Nay--"On the contrary" (as in Rom 8:37; Co1 12:22; Greek).
I had not known sin but by the law--It is important to fix what is meant by "sin" here. It certainly is not "the general nature of sin" [ALFORD, &c.], though it be true that this is learned from the law; for such a sense will not suit what is said of it in the following verses, where the meaning is the same as here. The only meaning which suits all that is said of it in this place is "the principle of sin in the heart of fallen man." The sense, then, is this: "It was by means of the law that I came to know what a virulence and strength of sinful propensity I had within me." The existence of this it did not need the law to reveal to him; for even the heathens recognized and wrote of it. But the dreadful nature and desperate power of it the law alone discovered--in the way now to be described.

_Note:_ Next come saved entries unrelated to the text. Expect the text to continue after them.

text \<open>The unit sphere of \<open>wnorm2\<close> is closed in the product topology and lies in a box.\<close>

lemma exists_energy_maximizer:
  assumes "S \<noteq> {}"
  shows "\<exists>f. wnorm2 f = 1 \<and> (\<forall>g. wnorm2 g = 1 \<longrightarrow> energy s g \<le> energy s f)"
proof -
  define X where "X = product_topology (\<lambda>_. euclideanreal) S"
  define r where "r = 1 + (\<Sum>F\<in>S. 1 / w F)"
  define C where "C = {f \<in> topspace X. wnorm2 f \<in> {1}} \<inter> PiE S (\<lambda>_. {-r..r})"
  have "continuous_map X euclideanreal wnorm2"
    unfolding X_def wnorm2_def by (intro continuous_intros finite_S) auto
  moreover have "compactin X (PiE S (\<lambda>_. {-r..r}))"
    unfolding X_def by (subst compactin_PiE) auto
  ultimately have "compactin X C"
    unfolding C_def by (intro closed_Int_compactin closedin_continuous_map_preimage) auto
  moreover have "continuous_map X euclideanreal (energy s)"
    unfolding X_def energy_def coboundary_def by (intro continuous_intros finite_S finite_T) auto
  ultimately have "compact (energy s ` C)" using image_compactin by fastforce
  have restrict_in_C: "restrict g S \<in> C" if "wnorm2 g = 1" for g
  proof -
    have "g F \<in> {-r..r}" if "F \<in> S" for F
      using abs_le_of_wnorm2_eq_1[OF \<open>wnorm2 g = 1\<close> that] unfolding r_def
      by (auto dest: abs_le_D1 abs_le_D2)
    moreover have "wnorm2 (restrict g S) = 1" using that unfolding wnorm2_def by simp
    ultimately show ?thesis unfolding C_def X_def by auto
  qed
  obtain F0 where "F0 \<in> S" using assms by blast
  have "wnorm2 (\<lambda>F. 1 / sqrt (w F0) * (if F = F0 then 1 else 0)) = 1"
    unfolding wnorm2_scale winner_self[symmetric] winner_delta_left[OF \<open>F0 \<in> S\<close>]
    using weight_pos_S[OF \<open>F0 \<in> S\<close>] by (simp add: power_divide)
  then have "C \<noteq> {}" using restrict_in_C by blast
  then obtain f where "f \<in> C" and f_max: "\<forall>h\<in>C. energy s h \<le> energy s f"
    using compact_attains_sup[OF \<open>compact (energy s ` C)\<close>] by auto
  have "energy s g \<le> energy s f" if "wnorm2 g = 1" for g
  proof -
    have "energy s (restrict g S) = energy s g"
      unfolding energy_def by (simp add: coboundary_cong[of "restrict g S" g])
    then show ?thesis using f_max restrict_in_C[OF that] by metis
  qed
  moreover have "wnorm2 f = 1" using \<open>f \<in> C\<close> unfolding C_def by simp
  ultimately show ?thesis by blast
qed

lemma energy_le_by_homogeneity:
  assumes "\<And>g. wnorm2 g = 1 \<Longrightarrow> energy s g \<le> \<mu>"
  shows "energy s g \<le> \<mu> * wnorm2 g"
proof (cases "wnorm2 g = 0")
  case True
  have "g F = 0" if "F \<in> S" for F
    by (rule ccontr) (use wnorm2_pos[OF that, of g] True in simp)
  then have "coboundary s g = coboundary s (\<lambda>_. 0)" by (intro coboundary_cong) simp
  then have "energy s g = 0" unfolding energy_def by (simp add: coboundary_def)
  with True show ?thesis by simp
next
  case False
  then have pos: "0 < wnorm2 g" using wnorm2_nonneg[of g] by simp
  define c where "c = 1 / sqrt (wnorm2 g)"
  have "wnorm2 (\<lambda>F. c * g F) = 1" unfolding wnorm2_scale c_def using pos by (simp add: power_divide)
  then have "energy s (\<lambda>F. c * g F) \<le> \<mu>" by (rule assms)
  then have "c\<^sup>2 * energy s g \<le> \<mu>" unfolding energy_scale .
  then show ?thesis using pos unfolding c_def by (simp add: field_simps)
qed

text \<open>First variation of the Rayleigh quotient at \<open>f\<close> in the direction of the indicator of \<open>F\<close>.\<close>

lemma maximizer_is_eigenvector:
  assumes le: "\<And>g. energy s g \<le> \<mu> * wnorm2 g" and eq: "energy s f = \<mu> * wnorm2 f" and "F \<in> S"
  shows "up_laplacian s f F = \<mu> * f F"
proof -
  define \<delta> where "\<delta> G = (if G = F then 1 else 0 :: real)" for G
  have \<delta>: "winner \<delta> h = w F * h F" for h unfolding \<delta>_def by (rule winner_delta_left[OF \<open>F \<in> S\<close>])
  have "\<delta> F = 1" unfolding \<delta>_def by simp
  have "0 \<le> 2 * t * (\<mu> * (w F * f F) - w F * up_laplacian s f F) + t\<^sup>2 * (\<mu> * w F - energy s \<delta>)" for t
    using le[of "\<lambda>G. f G + t * \<delta> G"] eq \<open>\<delta> F = 1\<close>
    unfolding energy_add_scaled wnorm2_add_scaled \<delta> winner_self[symmetric]
    by (simp add: algebra_simps)
  then have "\<mu> * (w F * f F) - w F * up_laplacian s f F = 0"
    by (rule quadratic_nonneg_imp_linear_coeff_zero)
  then show ?thesis using weight_pos_S[OF \<open>F \<in> S\<close>] by simp
qed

for I had not known lust, except, &c.--Here the same Greek word is unfortunately rendered by three different English ones--"lust"; "covet"; "concupiscence" (Rom 7:8) --which obscures the meaning. By using the word "lust" only, in the wide sense of all "irregular desire," or every outgoing of the heart towards anything forbidden, the sense will best be brought out; thus, "For I had not known lust, except the law had said, Thou shalt not lust; But sin, taking ('having taken') occasion by the commandment (that one which forbids it), wrought in me all manner of lusting." This gives a deeper view of the tenth commandment than the mere words suggest. The apostle saw in it the prohibition not only of desire after certain things there specified, ut of "desire after everything divinely forbidden"; in other words, all "lusting" or "irregular desire." It was this which "he had not known but by the law." The law forbidding all such desire so stirred his corruption that it wrought in him "all manner of lusting"--desire of every sort after what was forbidden.